The use of AFLP markers and characterization data to sample diversity in a core collection of Phaseolus vulgaris L.

A core collection is a subset of accessions from a larger collection of a particular crop species that represents, with a minimum amount of repetitiveness, the genetic diversity of that crop species and its wild relatives. With limited resources, it is difficult to manage large germplasm collections. Criteria that have included geographical, morphological, biochemical and molecular data, have been used to analyze genetic diversity in order to construct core collections. DNA marker systems, which provide large number of polymorphic loci dispersed in the genome could be used efficiently for development of core collections.

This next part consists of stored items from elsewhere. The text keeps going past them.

theorem prime_ideal_theorem:
  fixes I F :: "'a::{distrib_lattice,bounded_lattice} set"
  assumes "lattice_ideal I" and F: "lattice_filter F" and "I \<inter> F = {}"
  shows "\<exists>p. prime_ideal p \<and> I \<subseteq> p \<and> p \<inter> F = {}"
proof -
  let ?A = "{J. lattice_ideal J \<and> I \<subseteq> J \<and> J \<inter> F = {}}"
  have "\<exists>M\<in>?A. \<forall>J\<in>?A. M \<subseteq> J \<longrightarrow> J = M"
  proof (rule subset_Zorn_nonempty)
    fix C assume C: "C \<noteq> {}" "subset.chain ?A C"
    then have "C \<subseteq> ?A" and "subset.chain {J. lattice_ideal J} C"
      by (auto simp: subset.chain_def)
    then have "lattice_ideal (\<Union>C)" using C(1) lattice_ideal_Union_chain by blast
    moreover have "I \<subseteq> \<Union>C" "\<Union>C \<inter> F = {}" using C(1) \<open>C \<subseteq> ?A\<close> by auto
    ultimately show "\<Union>C \<in> ?A" by blast
  next
    show "?A \<noteq> {}" using assms by auto
  qed
  then obtain M where M: "M \<in> ?A" and maximal: "\<forall>J\<in>?A. M \<subseteq> J \<longrightarrow> J = M"
    by (rule bexE)
  have M_ideal: "lattice_ideal M" and "I \<subseteq> M" and M_disjoint: "M \<inter> F = {}" using M by auto
  have M_maximal: "J = M" if "lattice_ideal J" "M \<subseteq> J" "J \<inter> F = {}" for J
  proof -
    have "J \<in> ?A" using that \<open>I \<subseteq> M\<close> by blast
    then show ?thesis using that(2) maximal by blast
  qed
  have "prime_ideal M" by (rule maximal_disjoint_ideal_is_prime[OF M_ideal F M_disjoint M_maximal])
  then show ?thesis using \<open>I \<subseteq> M\<close> M_disjoint by blast
qed

lemma lattice_ideal_atMost: "lattice_ideal {..y}"
  unfolding lattice_ideal_def using order_trans by fastforce

lemma lattice_filter_atLeast: "lattice_filter {x..}"
  unfolding lattice_filter_def using order_trans by fastforce

lemma prime_ideal_separation:
  fixes x y :: "'a::{distrib_lattice,bounded_lattice}"
  assumes "\<not> x \<le> y"
  shows "\<exists>p. prime_ideal p \<and> y \<in> p \<and> x \<notin> p"
proof -
  have "{..y} \<inter> {x..} = {}" using assms order.trans by auto
  from prime_ideal_theorem[OF lattice_ideal_atMost lattice_filter_atLeast this]
  obtain p where "prime_ideal p" "{..y} \<subseteq> p" "p \<inter> {x..} = {}" by (elim exE conjE)
  then show ?thesis by auto
qed

lemma dlat_hom_mono: "dlat_hom f \<Longrightarrow> x \<le> y \<Longrightarrow> f x \<le> f y"
  unfolding dlat_hom_def by (metis le_iff_sup)

lemma prime_ideal_imp_lattice_ideal: "prime_ideal p \<Longrightarrow> lattice_ideal p"
  unfolding prime_ideal_def lattice_ideal_def by blast

lemma prime_ideal_down_closed: "prime_ideal p \<Longrightarrow> x \<in> p \<Longrightarrow> y \<le> x \<Longrightarrow> y \<in> p"
  unfolding prime_ideal_def by blast

lemma prime_ideal_inf_iff: "prime_ideal p \<Longrightarrow> inf x y \<in> p \<longleftrightarrow> x \<in> p \<or> y \<in> p"
  unfolding prime_ideal_def by (meson inf_le1 inf_le2)

lemma prime_ideal_sup_iff: "prime_ideal p \<Longrightarrow> sup x y \<in> p \<longleftrightarrow> x \<in> p \<and> y \<in> p"
  unfolding prime_ideal_def by (meson sup_ge1 sup_ge2)

lemma prime_ideal_vimage: "dlat_hom f \<Longrightarrow> prime_ideal q \<Longrightarrow> prime_ideal (f -` q)"
  using dlat_hom_mono[of f] unfolding prime_ideal_def dlat_hom_def by auto

lemma lattice_ideal_down_image:
  assumes f: "dlat_hom f" and I: "lattice_ideal I"
  shows "lattice_ideal {z. \<exists>c\<in>I. z \<le> f c}"
  unfolding lattice_ideal_def
proof (intro conjI allI impI)
  show "bot \<in> {z. \<exists>c\<in>I. z \<le> f c}" using I by (auto simp: lattice_ideal_def)
next
  fix x y assume "x \<in> {z. \<exists>c\<in>I. z \<le> f c}" "y \<in> {z. \<exists>c\<in>I. z \<le> f c}"
  then obtain c1 c2 where c: "c1 \<in> I" "c2 \<in> I" "x \<le> f c1" "y \<le> f c2" by auto
  have "sup c1 c2 \<in> I" using I c by (auto simp: lattice_ideal_def)
  moreover have "sup x y \<le> f (sup c1 c2)"
    using f c by (auto simp: dlat_hom_def intro: le_supI1 le_supI2)
  ultimately show "sup x y \<in> {z. \<exists>c\<in>I. z \<le> f c}" by blast
next
  fix x y assume "x \<in> {z. \<exists>c\<in>I. z \<le> f c}" "y \<le> x"
  then show "y \<in> {z. \<exists>c\<in>I. z \<le> f c}" using order_trans by blast
qed

lemma DD_subset_Spec: "DD a \<subseteq> Spec"
  by (auto simp: DD_def)

lemma DD_bot: "DD bot = {}"
  by (auto simp: DD_def Spec_def prime_ideal_def)

lemma DD_sup: "DD (sup a b) = DD a \<union> DD b"
  by (auto simp: DD_def Spec_def prime_ideal_sup_iff)

lemma DD_inf: "DD (inf a b) = DD a \<inter> DD b"
  by (auto simp: DD_def Spec_def prime_ideal_inf_iff)

lemma DD_mono: "a \<le> b \<Longrightarrow> DD a \<subseteq> DD b"
  by (metis DD_sup le_iff_sup sup.cobounded1)

lemma generate_topology_on_DD_basis:
  "generate_topology_on (range DD) V \<Longrightarrow> p \<in> V \<Longrightarrow> \<exists>c. p \<in> DD c \<and> DD c \<subseteq> V"
proof (induction V arbitrary: p rule: generate_topology_on.induct)
  case (Int U V)
  then obtain c1 c2 where "p \<in> DD c1" "DD c1 \<subseteq> U" "p \<in> DD c2" "DD c2 \<subseteq> V" by blast
  then show ?case by (intro exI[of _ "inf c1 c2"]) (auto simp: DD_inf)
next
  case (UN K)
  then show ?case by blast
qed auto

lemma openin_Spec_top_iff: "openin Spec_top U \<longleftrightarrow> (\<forall>p\<in>U. \<exists>c. p \<in> DD c \<and> DD c \<subseteq> U)"
proof
  assume "openin Spec_top U"
  then obtain V where V: "generate_topology_on (range DD) V" "U = V \<inter> Spec"
    unfolding Spec_top_def openin_subtopology openin_topology_generated_by_iff by blast
  then show "\<forall>p\<in>U. \<exists>c. p \<in> DD c \<and> DD c \<subseteq> U"
    using generate_topology_on_DD_basis DD_subset_Spec by (metis IntD1 le_inf_iff)
next
  assume basis: "\<forall>p\<in>U. \<exists>c. p \<in> DD c \<and> DD c \<subseteq> U"
  then have U: "U = \<Union>{DD c | c. DD c \<subseteq> U}" by blast
  have "generate_topology_on (range DD) (\<Union>{DD c | c. DD c \<subseteq> U})"
    by (rule generate_topology_on.UN) (auto intro: generate_topology_on.Basis)
  moreover have "U \<subseteq> Spec" using U DD_subset_Spec by blast
  ultimately show "openin Spec_top U"
    unfolding Spec_top_def openin_subtopology openin_topology_generated_by_iff using U by blast
qed

lemma openin_Spec_top_DD: "openin Spec_top (DD b)"
  unfolding openin_Spec_top_iff by blast

lemma Spec_map_image_DD_subset:
  assumes "dlat_hom f" and "b \<le> f c"
  shows "Spec_map f ` DD b \<subseteq> DD c"
proof
  fix p assume "p \<in> Spec_map f ` DD b"
  then obtain q where q: "prime_ideal q" "b \<notin> q" "p = f -` q"
    by (auto simp: Spec_map_def DD_def Spec_def)
  then have "f c \<notin> q" using assms(2) prime_ideal_down_closed by blast
  then show "p \<in> DD c" using q prime_ideal_vimage[OF assms(1) q(1)] by (auto simp: DD_def Spec_def)
qed

lemma lattice_filter_inf_image_compl:
  assumes f: "dlat_hom f" and p: "prime_ideal p"
  shows "lattice_filter {z. \<exists>a. a \<notin> p \<and> inf (f a) b \<le> z}"
  unfolding lattice_filter_def
proof (intro conjI allI impI)
  show "top \<in> {z. \<exists>a. a \<notin> p \<and> inf (f a) b \<le> z}"
    using p by (auto simp: prime_ideal_def)
next
  fix x y assume "x \<in> {z. \<exists>a. a \<notin> p \<and> inf (f a) b \<le> z}" "y \<in> {z. \<exists>a. a \<notin> p \<and> inf (f a) b \<le> z}"
  then obtain a1 a2 where a: "a1 \<notin> p" "a2 \<notin> p" "inf (f a1) b \<le> x" "inf (f a2) b \<le> y" by auto
  have "inf a1 a2 \<notin> p" using p a prime_ideal_inf_iff by blast
  moreover have "inf (f (inf a1 a2)) b = inf (inf (f a1) b) (inf (f a2) b)"
    using f by (simp add: dlat_hom_def inf_aci)
  then have "inf (f (inf a1 a2)) b \<le> inf x y" using a by (simp add: le_infI1 le_infI2)
  ultimately show "inf x y \<in> {z. \<exists>a. a \<notin> p \<and> inf (f a) b \<le> z}" by blast
next
  fix x y assume "x \<in> {z. \<exists>a. a \<notin> p \<and> inf (f a) b \<le> z}" "x \<le> y"
  then show "y \<in> {z. \<exists>a. a \<notin> p \<and> inf (f a) b \<le> z}" using order_trans by blast
qed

From base collection of common bean (Phaseolus vulgaris L.) including 560 accessions, a collection of 305 accessions, was sampled from different gene pools: 79.7% from European gene pool, 12.8% from South America and 7.5% from Middle America. This collection was analysed for seven seed traits (length, height, width, shape, colour, colour pattern and coat pattern- IPGRI descriptor), SDS-PAGE phaseoline patterns and E-AGT/M-GAC fluorescent AFLP primer combination. Core collections, consisting of r = 0.18 x n accessions, were sampled by several sampling strategies, simple random sampling, random-stratified by log frequency of accessions by continent, random-stratified by log frequency of phaseoline pattern, that are not dependent of molecular markers, and one marker assisted sampling that maximize genetic diversity at AFLP marker loci. An independent verification of the core collection sampling efficiency was performed using geographical, morphological, biochemical and molecular data by comparing the genetic diversity found in each core collection with the variability of base collection. The AFLP-based strategy allowed to include the largest number of AFLP loci in the core collection (34 polymorphic loci out of 37 in base collection), all classes for seed characters but a smaller number of countries. The no marker-based sampling strategies reduced AFLP marker loci richness to n=25-31 in the core collections. Our results confirmed that strategies based on information obtained from marker loci lead to retention of the maximum number of loci and are useful tool for plant breeders and germplasm collection curators to better understand the genetic diversity within a germplasm collection.